Призрак качнулся из стороны в сторону и тоненько захихикал, указывая на своего собеседника костлявым пальцем.

– Откуда про плиту узнал? – спросил Десняк. – И надпись как прочел? Ты ж неграмотный.

– Райна показала, она же и прочла, – сказал Ерыга, мгновенно оборвав смех. – Ты ведь ее не просто так пришел и взял, как псарь или кучер: подарят девке новый сарафан, а потом подол задерут! Нет, тебе одного тела мало было, тебе ее душа нужна была, потому и показывал ей диковинки, – вот, мол, какой я мудрец, так что заголяйся передо мной, девка, да еще за великую честь свое бесчестье почитай! А плиту напоследок приберег, клоун!

– Возлюбил я дочь твою, вот и стелился перед ней, как юнец! – нахмурился Десняк. – Отчасти, конечно, и дурака валял!

– А что раньше было: любовь или плита? – спросил Ерыга.

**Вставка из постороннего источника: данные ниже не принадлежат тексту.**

lemma eval1_mag_mult: "eval1 (mag_mult p q) = act (eval1 p) (eval0 q) - act (eval1 q) (eval0 p)"
proof (induction p rule: poly_mapping_induct)
  case (single s c)
  show ?case
  proof (induction q rule: poly_mapping_induct)
    case (single u e)
    show ?case
      by (simp add: single_eq_mag_smult_basis_el mag_mult_smult_left mag_mult_smult_right
          mag_mult_basis_el eval0_smult eval1_smult act_scale_left act_scale_right
          g1.scale_right_diff_distrib mult.commute)
  qed (simp_all add: mag_mult_add_right eval0_add eval1_add act_add_left act_add_right)
qed (simp_all add: mag_mult_add_left eval0_add eval1_add act_add_left act_add_right algebra_simps)

lemma br_jacobi_leibniz: "br x (br y z) = br (br x y) z + br y (br x z)"
proof -
  have "br x (br y z) - (br (br x y) z + br y (br x z)) =
      br x (br y z) + br y (br z x) + br z (br x y)"
    by (simp add: br_antisym[of "br x y" z] br_antisym[of x z] br_neg_right)
  then show ?thesis using br_jacobi[of x y z] by simp
qed

lemma eval_antisym_rel_basis_el:
  "eval0 (antisym_rel (tdeg s) (tdeg u) (basis_el s) (basis_el u)) = 0 \<and>
   eval1 (antisym_rel (tdeg s) (tdeg u) (basis_el s) (basis_el u)) = 0"
proof (cases "even (tdeg s * tdeg u)")
  case True
  then show ?thesis
    by (simp add: antisym_rel_def eval0_add eval1_add eval0_smult eval1_smult eval0_mag_mult
        eval1_mag_mult br_antisym[of "tree_eval0 br u"])
next
  case False
  then have "tree_eval0 br s = 0" "tree_eval0 br u = 0"
    by (auto intro!: tree_eval0_tdeg simp: odd_pos)
  then show ?thesis
    by (simp add: antisym_rel_def eval0_add eval1_add eval0_smult eval1_smult eval0_mag_mult
        eval1_mag_mult)
qed

lemma eval_jacobi_rel_basis_el:
  "eval0 (jacobi_rel (tdeg s) (tdeg t) (basis_el s) (basis_el t) (basis_el u)) = 0 \<and>
   eval1 (jacobi_rel (tdeg s) (tdeg t) (basis_el s) (basis_el t) (basis_el u)) = 0"
proof (cases "even (tdeg s * tdeg t)")
  case True
  then show ?thesis
    unfolding jacobi_rel_def eval0_diff eval1_diff eval0_smult eval1_smult eval0_mag_mult
      eval1_mag_mult
    by (simp add: br_jacobi_leibniz[of "tree_eval0 br s"] act_br act_diff_left algebra_simps)
next
  case False
  then have "tree_eval0 br s = 0" "tree_eval0 br t = 0"
    by (auto intro!: tree_eval0_tdeg simp: odd_pos)
  then show ?thesis
    by (simp add: jacobi_rel_def eval0_diff eval1_diff eval0_smult eval1_smult eval0_mag_mult
        eval1_mag_mult)
qed

lemma eval_E_ideal: "a \<in> E_ideal sg sm br act \<Longrightarrow> eval0 a = 0 \<and> eval1 a = 0"
  unfolding E_ideal_def
proof (induction rule: ideal_gen.induct)
  case (gen r)
  then show ?case
    using eval_antisym_rel_basis_el eval_jacobi_rel_basis_el
    by (auto simp: lin_rels_def glie_rels_eq E_rels_def eval0_diff eval1_diff eval0_smult
        eval1_smult eval0_mag_mult eval1_mag_mult)
qed (auto simp: eval0_add eval1_add eval0_smult eval1_smult eval0_mag_mult eval1_mag_mult)

lemma Inl_in_E_ideal_imp_zero: "basis_el (Leaf (Inl x)) \<in> E_ideal sg sm br act \<Longrightarrow> x = 0"
  and Inr_in_E_ideal_imp_zero: "basis_el (Leaf (Inr m)) \<in> E_ideal sg sm br act \<Longrightarrow> m = 0"
  using eval_E_ideal by fastforce+

lemma E_ideal_generator:
  "r \<in> lin_rels sg sm \<union> glie_rels \<union> E_rels br act \<Longrightarrow> r \<in> E_ideal sg sm br act"
  unfolding E_ideal_def by (rule ideal_gen.gen)
lemma card_arrangements: "card (arrangements n1 n2) = (n1 + n2) choose n1"
  using card_arrangements_all_true[of "{}" n1 n2] by simp

lemma arrangements_nonempty: "arrangements n1 n2 \<noteq> {}"
  using card_arrangements[of n1 n2] by auto

lemma finite_arrangements: "finite (arrangements n1 n2)"
  using card_arrangements[of n1 n2] by (intro card_ge_0_finite) simp

definition all_true_prob :: "nat \<Rightarrow> nat \<Rightarrow> nat \<Rightarrow> real" where
  "all_true_prob n1 n2 k = real (n1 choose k) / real ((n1 + n2) choose k)"

lemma uexp_all_true:
  assumes "A \<subseteq> {..<n1 + n2}"
  shows "uexp (arrangements n1 n2) (all_true A) = all_true_prob n1 n2 (card A)"
proof -
  have "(\<Sum>xs\<in>arrangements n1 n2. all_true A xs)
             = real (card {xs \<in> arrangements n1 n2. A \<subseteq> true_positions xs})"
    using finite_arrangements by (simp add: all_true_def Int_def)
  moreover have "card A \<le> n1 + n2" using card_mono[OF finite_lessThan assms] by simp
  ultimately show ?thesis
    using card_arrangements_all_true[OF assms]
    by (simp add: uexp_def all_true_prob_def card_arrangements field_simps flip: of_nat_mult)
qed

lemma all_true_prob_Suc:
  "(real (n1 + n2) - real j) * all_true_prob n1 n2 (Suc j) = (real n1 - real j) * all_true_prob n1 n2 j"
  unfolding all_true_prob_def by (rule binomial_ratio_Suc) simp

lemma card_less_Suc_conj:
  "card {i. i < Suc L \<and> P i} = card {i. i < L \<and> P i} + of_bool (P L)"
proof -
  have "{i. i < Suc L \<and> P i} = (if P L then insert L {i. i < L \<and> P i} else {i. i < L \<and> P i})"
    by (auto simp: less_Suc_eq)
  then show ?thesis by simp
qed

lemma runs_snoc:
  "runs a (xs @ [y]) = runs a xs + of_bool (y = a \<and> (xs = [] \<or> last xs \<noteq> a))"
proof -
  have "runs a (xs @ [y]) = card {i. i < length xs \<and> xs ! i = a \<and> (i = 0 \<or> xs ! (i - 1) \<noteq> a)}
      + of_bool ((xs @ [y]) ! length xs = a \<and> (length xs = 0 \<or> (xs @ [y]) ! (length xs - 1) \<noteq> a))"
    unfolding runs_def length_append_singleton card_less_Suc_conj
    by (auto simp: nth_append intro!: arg_cong[where f = card])
  also have "\<dots> = runs a xs + of_bool (y = a \<and> (xs = [] \<or> last xs \<noteq> a))"
    by (cases "xs = []") (auto simp: runs_def nth_append last_conv_nth)
  finally show ?thesis .
qed

definition adjacent_pairs :: "bool \<Rightarrow> bool list \<Rightarrow> nat" where
  "adjacent_pairs a xs = card {i. Suc i < length xs \<and> xs ! i = a \<and> xs ! Suc i = a}"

– Плита! – воскликнул Десняк. – Когда у меня позапрошлым летом желвак на спине выскочил, я ее тогда и заготовил на случай, ежели помру! Теха, однако, его кнутом срубил, углем прижег, яма между ребрами осталась, а я – живой! Хотел плиту на куски расколоть да каменку в бане обложить, а потом жалко стало: все одно помирать, так пусть лежит – ей срок все равно придет!

Десняк скорбно поджал губы и с покорным видом скрестил руки на груди.

– Выходит, сам перед собой представлялся, – усмехнулся Ерыга. – Клоун и есть!

– Страшно мне, – вдруг прошептал Десняк, глядя в его темные глазницы. – Тебе легко говорить, ты уже там, а я еще здесь, – понимаешь?

– Тебе тоже недолго осталось, – сказал Ерыга.

– Сколько: месяц? год? два? – быстро спросил Десняк.

– Может, тебе еще день и час назвать? – сухо сказал Ерыга.

– А ты… знаешь? – с замершим сердцем прошептал Десняк.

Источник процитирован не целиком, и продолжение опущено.